Harvard Law School’s Lawrence Tribe was all for the appointment of Jack Smith.

But not everyone is impressed.

The appointment of a special counsel is the culmination of efforts that have been underway since at least August, when a shocking and unprecedented show of force arrived at Trump’s Florida home while he wasn’t there.

Pence spoke to that, as well, saying he was “deeply troubled” when “senior leadership at the Justice Department made the decision to execute a search warrant against the personal residence of the former president of the United States. It had never been done in history.”

The raid “sent a divisive message across the country” and a “wrong message about America around the world,” he added.

“There were many more opportunities — short of executing a search warrant on the personal residence of the president of the United States to resolve the issues of classified documents that were present there.”

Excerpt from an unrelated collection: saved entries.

definition is_functor :: "('o,'m,'x) category_scheme \<Rightarrow> ('p,'n,'y) category_scheme \<Rightarrow>
    ('o \<Rightarrow> 'p) \<Rightarrow> ('m \<Rightarrow> 'n) \<Rightarrow> bool" where
  "is_functor C D Fo Fa \<longleftrightarrow> is_category C \<and> is_category D \<and>
    (\<forall>a\<in>Obj C. Fo a \<in> Obj D) \<and>
    (\<forall>f\<in>Arr C. Fa f \<in> hom D (Fo (Dom C f)) (Fo (Cod C f))) \<and>
    (\<forall>a\<in>Obj C. Fa (idm C a) = idm D (Fo a)) \<and>
    (\<forall>f\<in>Arr C. \<forall>g\<in>Arr C. Cod C f = Dom C g \<longrightarrow> Fa (Comp C g f) = Comp D (Fa g) (Fa f))"

definition faithful :: "('o,'m,'x) category_scheme \<Rightarrow> ('m \<Rightarrow> 'n) \<Rightarrow> bool" where
  "faithful C Fa \<longleftrightarrow> (\<forall>a\<in>Obj C. \<forall>b\<in>Obj C. inj_on Fa (hom C a b))"

definition is_iso :: "('o,'m,'x) category_scheme \<Rightarrow> 'm \<Rightarrow> bool" where
  "is_iso C f \<longleftrightarrow> f \<in> Arr C \<and> (\<exists>g\<in>hom C (Cod C f) (Dom C f).
     Comp C g f = idm C (Dom C f) \<and> Comp C f g = idm C (Cod C f))"

record ('o,'m) smc = "('o,'m) category" +
  tens :: "'o \<Rightarrow> 'o \<Rightarrow> 'o"
  tensa :: "'m \<Rightarrow> 'm \<Rightarrow> 'm"
  munit :: 'o
  assoc :: "'o \<Rightarrow> 'o \<Rightarrow> 'o \<Rightarrow> 'm"   \<comment> \<open>(A x B) x C -> A x (B x C)\<close>
  lunit :: "'o \<Rightarrow> 'm"
  runit :: "'o \<Rightarrow> 'm"
  braid :: "'o \<Rightarrow> 'o \<Rightarrow> 'm"

definition is_smc :: "('o,'m,'x) smc_scheme \<Rightarrow> bool" where
  "is_smc C \<longleftrightarrow> is_category C \<and> munit C \<in> Obj C \<and>
    (\<forall>a\<in>Obj C. \<forall>b\<in>Obj C. tens C a b \<in> Obj C) \<and>
    (\<forall>f\<in>Arr C. \<forall>g\<in>Arr C. tensa C f g \<in> hom C (tens C (Dom C f) (Dom C g)) (tens C (Cod C f) (Cod C g))) \<and>
    (\<forall>a\<in>Obj C. \<forall>b\<in>Obj C. tensa C (idm C a) (idm C b) = idm C (tens C a b)) \<and>
    (\<forall>f\<in>Arr C. \<forall>g\<in>Arr C. \<forall>f'\<in>Arr C. \<forall>g'\<in>Arr C. Cod C f = Dom C f' \<longrightarrow> Cod C g = Dom C g' \<longrightarrow>
        tensa C (Comp C f' f) (Comp C g' g) = Comp C (tensa C f' g') (tensa C f g)) \<and>
    (\<forall>a\<in>Obj C. \<forall>b\<in>Obj C. \<forall>c\<in>Obj C.
        assoc C a b c \<in> hom C (tens C (tens C a b) c) (tens C a (tens C b c)) \<and> is_iso C (assoc C a b c)) \<and>
    (\<forall>a\<in>Obj C. lunit C a \<in> hom C (tens C (munit C) a) a \<and> is_iso C (lunit C a)) \<and>
    (\<forall>a\<in>Obj C. runit C a \<in> hom C (tens C a (munit C)) a \<and> is_iso C (runit C a)) \<and>
    (\<forall>a\<in>Obj C. \<forall>b\<in>Obj C. braid C a b \<in> hom C (tens C a b) (tens C b a)) \<and>
    (\<forall>f\<in>Arr C. \<forall>g\<in>Arr C. \<forall>h\<in>Arr C.
        Comp C (assoc C (Cod C f) (Cod C g) (Cod C h)) (tensa C (tensa C f g) h) =
        Comp C (tensa C f (tensa C g h)) (assoc C (Dom C f) (Dom C g) (Dom C h))) \<and>
    (\<forall>f\<in>Arr C. Comp C (lunit C (Cod C f)) (tensa C (idm C (munit C)) f) = Comp C f (lunit C (Dom C f))) \<and>
    (\<forall>f\<in>Arr C. Comp C (runit C (Cod C f)) (tensa C f (idm C (munit C))) = Comp C f (runit C (Dom C f))) \<and>
    (\<forall>f\<in>Arr C. \<forall>g\<in>Arr C.
        Comp C (braid C (Cod C f) (Cod C g)) (tensa C f g) = Comp C (tensa C g f) (braid C (Dom C f) (Dom C g))) \<and>
    (\<forall>a\<in>Obj C. \<forall>b\<in>Obj C. \<forall>c\<in>Obj C. \<forall>d\<in>Obj C.
        Comp C (assoc C a b (tens C c d)) (assoc C (tens C a b) c d) =
        Comp C (tensa C (idm C a) (assoc C b c d))
          (Comp C (assoc C a (tens C b c) d) (tensa C (assoc C a b c) (idm C d)))) \<and>
    (\<forall>a\<in>Obj C. \<forall>b\<in>Obj C.
        Comp C (tensa C (idm C a) (lunit C b)) (assoc C a (munit C) b) = tensa C (runit C a) (idm C b)) \<and>
    (\<forall>a\<in>Obj C. \<forall>b\<in>Obj C. \<forall>c\<in>Obj C.
        Comp C (assoc C b c a) (Comp C (braid C a (tens C b c)) (assoc C a b c)) =
        Comp C (tensa C (idm C b) (braid C a c)) (Comp C (assoc C b a c) (tensa C (braid C a b) (idm C c)))) \<and>
    (\<forall>a\<in>Obj C. \<forall>b\<in>Obj C. Comp C (braid C b a) (braid C a b) = idm C (tens C a b))"

record ('o,'m) smcc = "('o,'m) smc" +
  ihom :: "'o \<Rightarrow> 'o \<Rightarrow> 'o"     \<comment> \<open>ihom X Y = X -o Y\<close>
  ev :: "'o \<Rightarrow> 'o \<Rightarrow> 'm"       \<comment> \<open>ev X Y : (X -o Y) x X -> Y\<close>

definition is_smcc :: "('o,'m,'x) smcc_scheme \<Rightarrow> bool" where
  "is_smcc C \<longleftrightarrow> is_smc C \<and>
    (\<forall>a\<in>Obj C. \<forall>b\<in>Obj C. ihom C a b \<in> Obj C \<and> ev C a b \<in> hom C (tens C (ihom C a b) a) b) \<and>
    (\<forall>a\<in>Obj C. \<forall>b\<in>Obj C. \<forall>z\<in>Obj C. \<forall>f\<in>hom C (tens C z a) b.
        \<exists>!g. g \<in> hom C z (ihom C a b) \<and> Comp C (ev C a b) (tensa C g (idm C a)) = f)"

It is worth remembering that, as a congressman from Indiana, Pence served on the House Judiciary Committee for 10 years. He credibly claims to know “how the Justice Department operates.”

The DOJ defended their decision, claiming rather weakly that Trump had removed defense-related top secret documents from the White House, which weakened national security. But Pence is not impressed.

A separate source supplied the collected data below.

lemma of_nat_CHAR_power_mult_choose:
  assumes "prime CHAR('a::comm_ring_1)"
  shows "of_nat (CHAR('a) ^ r * k choose CHAR('a) ^ r) = (of_nat k :: 'a)"
proof -
  define s where "s = CHAR('a) ^ r"
  have "s > 0" using assms by (simp add: s_def prime_gt_0_nat)
  have frobenius: "[:1, 1:] ^ s = (1 + monom 1 s :: 'a poly)"
  proof -
    have "(1 + monom 1 1 :: 'a poly) ^ s = 1 ^ s + monom 1 1 ^ s"
      by (rule freshmans_dream') (simp_all add: assms s_def)
    moreover have "[:1, 1:] = (1 + monom 1 1 :: 'a poly)"
      by (simp add: monom_altdef one_pCons)
    ultimately show ?thesis by (simp add: monom_power)
  qed
  have "[:1, 1:] ^ (s * k) = (\<Sum>j\<le>k. monom (of_nat (k choose j) :: 'a) (s * j))"
    by (simp add: power_mult frobenius binomial_ring[of "monom 1 s" 1, simplified add.commute]
        monom_power of_nat_poly smult_monom flip: add.commute)
  then have "coeff ([:1, 1:] ^ (s * k)) s = (\<Sum>j\<le>k. if j = 1 then of_nat (k choose j) else (0::'a))"
    using \<open>s > 0\<close> by (simp add: coeff_sum)
  also have "\<dots> = of_nat k"
    by (cases k) (simp_all add: sum.delta)
  finally have "coeff ([:1, 1:] ^ (s * k)) s = (of_nat k :: 'a)" .
  moreover have "of_nat (s * k choose s) = (of_nat k :: 'a)" if "k = 0"
    using that \<open>s > 0\<close> by (simp add: binomial_eq_0)
  ultimately show ?thesis
    using coeff_linear_poly_power[of s "s * k" "1::'a" 1] by (cases k) (simp_all add: s_def)
qed

lemma coeff_coeff_shifted_poly:
  fixes P :: "'a::comm_ring_1 poly"
  shows "coeff (coeff (poly (map_poly (\<lambda>c. [:[:c:]:]) P) [:[:0, 1:], 1:]) k) l
         = of_nat ((k + l) choose k) * coeff P (k + l)"
proof (induction P arbitrary: k l)
  case (pCons c P)
  have "map_poly (\<lambda>c. [:[:c:]:]) (pCons c P) = pCons [:[:c:]:] (map_poly (\<lambda>c. [:[:c:]:]) P)"
    by (rule map_poly_pCons) simp
  with pCons.IH show ?case
    by (cases k; cases l) (auto simp: coeff_pCons algebra_simps split: nat.splits)
qed simp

“Now would be a good time for the Justice Department to be working on restoring its credibility with the American people,” Pence said, implying that this was not the way to do it. The timing was also irksome to the former VP.

“The timing of this decision — just a few short days after the president announced his intention to seek re-election, I think that the history of it, the facts that I am aware of behind it, I think it is very troubling,” Pence said.

In July, we were told the reason there was no investigation into the Biden crime family’s extensive corruption and influence peddling. Three current or former DOJ officials said that the Delaware U.S. Attorney’s Office lacks the wherewithal and resources to look into it properly.

“If any single one of the dozens of issues had been alleged about the Bush or Trump families, a special counsel would have been appointed immediately,” said one of those sources.

If the DOJ wouldn’t provide its Delaware office with what was needed for an investigation into such a target-rich probe, maybe it’s traceable to their commitment to spend budget on another witch hunt.

Pence, who had already decided not to testify before the January 6 House Committee, told Fox News on Friday that he was “very concerned from early on about the partisan nature of a committee that was tasked with examining what was really a tragic moment in the history of the U.S. Capitol.”

“And, frankly, the idea of a committee in the Congress entirely appointed by one party was offensive to my understanding of what the Congress is,” he added, referring to a panel of nine that only included two Republicans, both of whose hostility toward Trump was well established.

Pence said that “Congress has no right to my testimony.”

“I think if you consider the separation of powers between co-equal branches of government, I just think having a former vice president of the United States come before Congress to testify about private deliberations with the president of the United States or private deliberations at the White House would set a terrible precedent,” he said.